SCD ASR header SCD ASR header

Training, consulting, and documentation

Technical consulting services

Providing software engineering and math libraries support for scientists using NCAR/SCD's high-performance scientific computing facilities is the core business and mission of SCD's Technical Consulting Group (TCG). This group is the primary point of contact for customers with questions and concerns about their scientific computing efforts. TCG provides a single point of contact for SCD's community of researchers who need to resolve technical problems and obtain advice on optimal software design and implementation techniques. TCG leverages their contact with researchers by channeling customer needs into SCD's planning process. When the assistance of other SCD staff is required to resolve a problem, TCG coordinates all SCD efforts and manages the follow-through with customers. Collaborations with other SCD groups, researchers, vendors, and other high-performance computing centers are central to maintaining the expertise required to support this mission.

In FY2000, TCG's key thrusts in pursuit of their mission have focused on three key elements: researcher support, training, and documentation. All three of these activities in FY2000 have been specifically focused on the code conversion efforts surrounding the new IBM SP. While the actual installation of the machine was a limited-term project lasting only a few months, the subsequent conversion of millions of lines of user source code is expected to proceed over the course of two to three years with TCG playing the key role of helping our research community migrate science to the new machines. Training, documentation, and hands-on assistance are critical to the success of this effort.

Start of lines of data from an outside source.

(* Let $d\geq 2$ and $N\geq1$ be integers and let $A\in\mathbb{Z}_{\geq0}^{N\times d}$ be an $(N,d)$-complete consecutive integers matrix. Then $$a_d(\lfloor\log_d N\rfloor)\leq\beta(A)\leq\gamma(A)\leq a_d(\lceil\log_d N\rceil),$$ where $a_d(k)=d+\sum_{i=0}^{d-1}\sum_{j=1}^{k} i\cdot d^{j-1}$. In particular, underestimating $\beta(A)$ by $a_d(\lfloor\log_d N\rfloor)$ and overestimating $\gamma(A)$ by $a_d(\lceil\log_d N\rceil)$ incurs an additive error of at most $\sum_{i=0}^{d-1} i\cdot d^{\lceil\log_d N\rceil-1}$.
   Context: For $A\in\mathbb{R}^{m\times d}$ and $\Pi=(\pi_1,\dots,\pi_d)\in\mathfrak{S}(m)^d$ (where $\mathfrak{S}(m)$ is the symmetric group on $\{1,\dots,m\}$), $A^\Pi$ denotes the matrix with $A^\Pi_{i,j}=A_{\pi_j^{-1}(i),j}$. Define $\gamma(A)=\min_{\Pi}\max_{i}\sum_{j=1}^d A^\Pi_{i,j}$ and $\beta(A)=\max_{\Pi}\min_{i}\sum_{j=1}^d A^\Pi_{i,j}$. For $d,N\in\mathbb{Z}_{\geq0}$ let $a=(1,\dots,N)^\top$; any matrix $A^\Pi$ obtained from $(a,\dots,a)\in\mathbb{Z}^{N\times d}$ by permutations $\Pi\in\mathfrak{S}(N)^d$ of the columns' entries is called an $(N,d)$-complete consecutive integers matrix. *)

theory Defs
  imports "HOL-Combinatorics.Permutations" "HOL-Library.FuncSet" Complex_Main
begin

text \<open>Matrices in Z^(N x d) are functions nat => nat => int, row index i < N,
  column index j < d (0-based).\<close>

definition perm_tuples :: "nat \<Rightarrow> nat \<Rightarrow> (nat \<Rightarrow> nat \<Rightarrow> nat) set" where
  "perm_tuples N d = PiE {..<d} (\<lambda>_. {p. p permutes {..<N}})"

definition perm_matrix :: "(nat \<Rightarrow> nat \<Rightarrow> int) \<Rightarrow> (nat \<Rightarrow> nat \<Rightarrow> nat) \<Rightarrow> nat \<Rightarrow> nat \<Rightarrow> int" where
  "perm_matrix A P = (\<lambda>i j. A (inv (P j) i) j)"

definition row_sum :: "nat \<Rightarrow> (nat \<Rightarrow> nat \<Rightarrow> int) \<Rightarrow> nat \<Rightarrow> int" where
  "row_sum d A i = (\<Sum>j<d. A i j)"

definition gamma :: "nat \<Rightarrow> nat \<Rightarrow> (nat \<Rightarrow> nat \<Rightarrow> int) \<Rightarrow> int" where
  "gamma N d A = Min ((\<lambda>P. Max ((\<lambda>i. row_sum d (perm_matrix A P) i) ` {..<N})) ` perm_tuples N d)"

definition beta :: "nat \<Rightarrow> nat \<Rightarrow> (nat \<Rightarrow> nat \<Rightarrow> int) \<Rightarrow> int" where
  "beta N d A = Max ((\<lambda>P. Min ((\<lambda>i. row_sum d (perm_matrix A P) i) ` {..<N})) ` perm_tuples N d)"

text \<open>(N,d)-complete consecutive integers matrix: A = (a,...,a)^Pi with a = (1,...,N)^T,
  i.e. the 0-based row r of a holds r+1.\<close>
definition complete_consec :: "nat \<Rightarrow> nat \<Rightarrow> (nat \<Rightarrow> nat \<Rightarrow> int) \<Rightarrow> bool" where
  "complete_consec N d A \<longleftrightarrow>
     (\<exists>P\<in>perm_tuples N d. \<forall>i<N. \<forall>j<d. A i j = perm_matrix (\<lambda>r _. int r + 1) P i j)"

definition a_d :: "nat \<Rightarrow> nat \<Rightarrow> int" where
  "a_d d k = int d + (\<Sum>i<d. \<Sum>j=1..k. int i * int d ^ (j - 1))"

end

theory Submission
  imports Defs
begin

text \<open>Every arrangement of a complete consecutive matrix has total sum d N (N + 1) / 2, so its
  row sums average d (N + 1) / 2, giving \<open>\<beta> \<le> d (N + 1) / 2 \<le> \<gamma>\<close>. Conversely the columns can be
  arranged so that every row sum lies within 1/2 of this average: pair each column with a reversed
  copy (the two entries of a row then sum to N + 1) and, for odd d, absorb three columns by a
  rotation by \<open>\<lfloor>N/2\<rfloor>\<close> and a suitable third permutation. Hence also \<open>d (N + 1) \<le> 2 \<beta> + 1\<close> and
  \<open>2 \<gamma> \<le> d (N + 1) + 1\<close>, and by integrality, since \<open>2 a_d(k) = d (d^k + 1)\<close> and
  \<open>d^\<lfloor>log_d N\<rfloor> \<le> N \<le> d^\<lceil>log_d N\<rceil>\<close>, the bounds follow, and the error term is \<open>a_d(k+1) - a_d(k)\<close>.\<close>

lemma restrict_id_permutes:
  assumes "finite S" "inj_on f S" "f ` S \<subseteq> S"
  shows "restrict_id f S permutes S"
  using assms by (intro permutes_restrict_id) (simp add: bij_betw_def endo_inj_surj)

definition reflect_perm :: "nat \<Rightarrow> nat \<Rightarrow> nat" where
  "reflect_perm N = restrict_id (\<lambda>r. N - 1 - r) {..<N}"

lemma reflect_perm_permutes: "reflect_perm N permutes {..<N}"
  unfolding reflect_perm_def by (rule restrict_id_permutes) (auto simp: inj_on_def)

lemma add_reflect_perm: "r < N \<Longrightarrow> r + reflect_perm N r = N - 1"
  by (simp add: reflect_perm_def)

lemma three_permutations_near_constant_sum:
  obtains p q where "p permutes {..<N}" "q permutes {..<N}"
    and "\<And>r. r < N \<Longrightarrow> \<bar>2 * int (r + p r + q r) - 3 * (int N - 1)\<bar> \<le> 1"
proof
  define m where "m = N div 2"
  \<comment> \<open>f is the rotation \<open>r \<mapsto> (r + m) mod N\<close>; g decreases in steps of 2 on the two arcs of f,
     so that \<open>r + f r + g r\<close> takes at most the two values nearest to \<open>3 (N - 1) / 2\<close>.\<close>
  define f where "f r = (if r < N - m then m + r else r - (N - m))" for r
  define g where "g r = (if odd N then (if r \<le> m then 2*m - 2*r else 4*m + 1 - 2*r)
                         else (if r < m then 2*m - 1 - 2*r else 4*m - 2 - 2*r))" for r
  have "inj_on f {..<N}" "inj_on g {..<N}"
    unfolding f_def g_def m_def inj_on_def
    by (auto split: if_splits elim!: oddE evenE; presburger)+
  moreover have "f ` {..<N} \<subseteq> {..<N}" "g ` {..<N} \<subseteq> {..<N}"
    unfolding f_def g_def m_def by (auto elim!: oddE evenE)
  ultimately show "restrict_id f {..<N} permutes {..<N}" "restrict_id g {..<N} permutes {..<N}"
    by (simp_all add: restrict_id_permutes)
  show "\<bar>2 * int (r + restrict_id f {..<N} r + restrict_id g {..<N} r) - 3 * (int N - 1)\<bar> \<le> 1"
    if "r < N" for r
    using that unfolding f_def g_def m_def by (cases "odd N") (auto elim!: oddE evenE)
qed

lemma permutations_near_constant_sum:
  assumes "d \<ge> 2"
  shows "\<exists>c. (\<forall>j<d. c j permutes {..<N})
           \<and> (\<forall>r<N. \<bar>2 * (\<Sum>j<d. int (c j r)) - int d * (int N - 1)\<bar> \<le> 1)"
  using assms
proof (induction d rule: less_induct)
  case (less d)
  consider "d = 2" | "d = 3" | "d \<ge> 4" using less.prems by linarith
  then show ?case
  proof cases
    case 1
    define c where "c j = (if j = 0 then id else reflect_perm N)" for j :: nat
    have "\<forall>j<d. c j permutes {..<N}"
      by (simp add: c_def permutes_id reflect_perm_permutes)
    moreover have "(\<Sum>j<d. int (c j r)) = int N - 1" if "r < N" for r
      using add_reflect_perm[OF that] that 1 by (simp add: c_def numeral_2_eq_2 of_nat_diff)
    ultimately show ?thesis using 1 by auto
  next
    case 2
    obtain p q where "p permutes {..<N}" "q permutes {..<N}"
      and pq: "\<And>r. r < N \<Longrightarrow> \<bar>2 * int (r + p r + q r) - 3 * (int N - 1)\<bar> \<le> 1"
      using three_permutations_near_constant_sum[of N] by blast
    define c where "c j = (if j = 0 then id else if j = 1 then p else q)" for j :: nat
    have "\<forall>j<d. c j permutes {..<N}"
      using \<open>p permutes _\<close> \<open>q permutes _\<close> by (simp add: c_def permutes_id)
    moreover have "(\<Sum>j<d. int (c j r)) = int (r + p r + q r)" for r
      using 2 by (simp add: c_def numeral_3_eq_3)
    ultimately show ?thesis using 2 pq by auto
  next
    case 3
    define e where "e = d - 2"
    have d: "d = Suc (Suc e)" "e < d" "2 \<le> e" using 3 by (auto simp: e_def)
    then obtain c where c: "\<forall>j<e. c j permutes {..<N}"
      and sums: "\<forall>r<N. \<bar>2 * (\<Sum>j<e. int (c j r)) - int e * (int N - 1)\<bar> \<le> 1"
      using less.IH by blast
    define c' where "c' j = (if j = e then id else if j = Suc e then reflect_perm N else c j)" for j
    have "\<forall>j<d. c' j permutes {..<N}"
      using c by (auto simp: c'_def d(1) less_Suc_eq permutes_id reflect_perm_permutes)
    moreover have "\<bar>2 * (\<Sum>j<d. int (c' j r)) - int d * (int N - 1)\<bar> \<le> 1" if "r < N" for r
    proof -
      have "(\<Sum>j<d. int (c' j r)) = (\<Sum>j<e. int (c' j r)) + int r + int (reflect_perm N r)"
        by (simp add: d c'_def)
      also have "(\<Sum>j<e. int (c' j r)) = (\<Sum>j<e. int (c j r))"
        by (simp add: c'_def)
      finally have "(\<Sum>j<d. int (c' j r)) = (\<Sum>j<e. int (c j r)) + (int N - 1)"
        using add_reflect_perm[OF that] that by linarith
      moreover have "int d * (int N - 1) = int e * (int N - 1) + 2 * (int N - 1)"
        by (simp add: d(1) algebra_simps)
      ultimately show ?thesis using sums that by auto
    qed
    ultimately show ?thesis by blast
  qed
qed

lemma perm_tuples_finite: "finite (perm_tuples N d)"
  unfolding perm_tuples_def by (intro finite_PiE finite_permutations) auto

lemma perm_tuples_nonempty: "perm_tuples N d \<noteq> {}"
  unfolding perm_tuples_def by (auto simp: PiE_eq_empty_iff intro: permutes_id)

lemma perm_tuples_permutes: "P \<in> perm_tuples N d \<Longrightarrow> j < d \<Longrightarrow> P j permutes {..<N}"
  by (auto simp: perm_tuples_def)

Training classes and seminars sponsored by the SCD Technical Consulting Group

Developing staff and customer expertise on these new computer architectures has been a key concern, and training has played a key role in addressing it. Over the last year, TCG has arranged eight classes on using the new IBM SP and Compaq ES40 clusters. The material covered in the classes has included introductions to the IBM SP and Compaq ES40 clusters, introductions to MPI and OpenMP programming, and memory-cache optimization for RISC microprocessor-based systems. While most of the classes were delivered at NCAR, they were open to all local and remote SCD customers. Scientists from local institutions attended as well as staff from more geographically distant sites. One class was delivered at COLA outside Washington, D.C. While additional remote classes are being investigated, it appears that many remote university researchers have local resources for parallel programming assistance through their computer science departments or other collaborators, but rely heavily on SCD web documentation and examples for information of how to use and write scripts for the resource scheduling software running on each machine.

Code migration for the IBM SP complex and Compaq ES40 cluster

 

The SMP machines

Over the last year, SCD has focused much effort in the area of symmetric multiprocessor (SMP) clusters. Three such machines have been installed: two IBM SP clusters (blackforest and babyblue) and one Compaq ES40 cluster (prospect). While the individual nodes of such machines are independent SMP computers, a layer of system software allows multiple nodes of the cluster to behave as a scheduled resource that can be applied to a single job. SCD is currently using three different implementations of the system software layer, one from IBM called LoadLeveler(tm), one created at NASA Ames called PBS (Portable Batch Scheduler), and one written by Compaq called RMS (Resource Management System).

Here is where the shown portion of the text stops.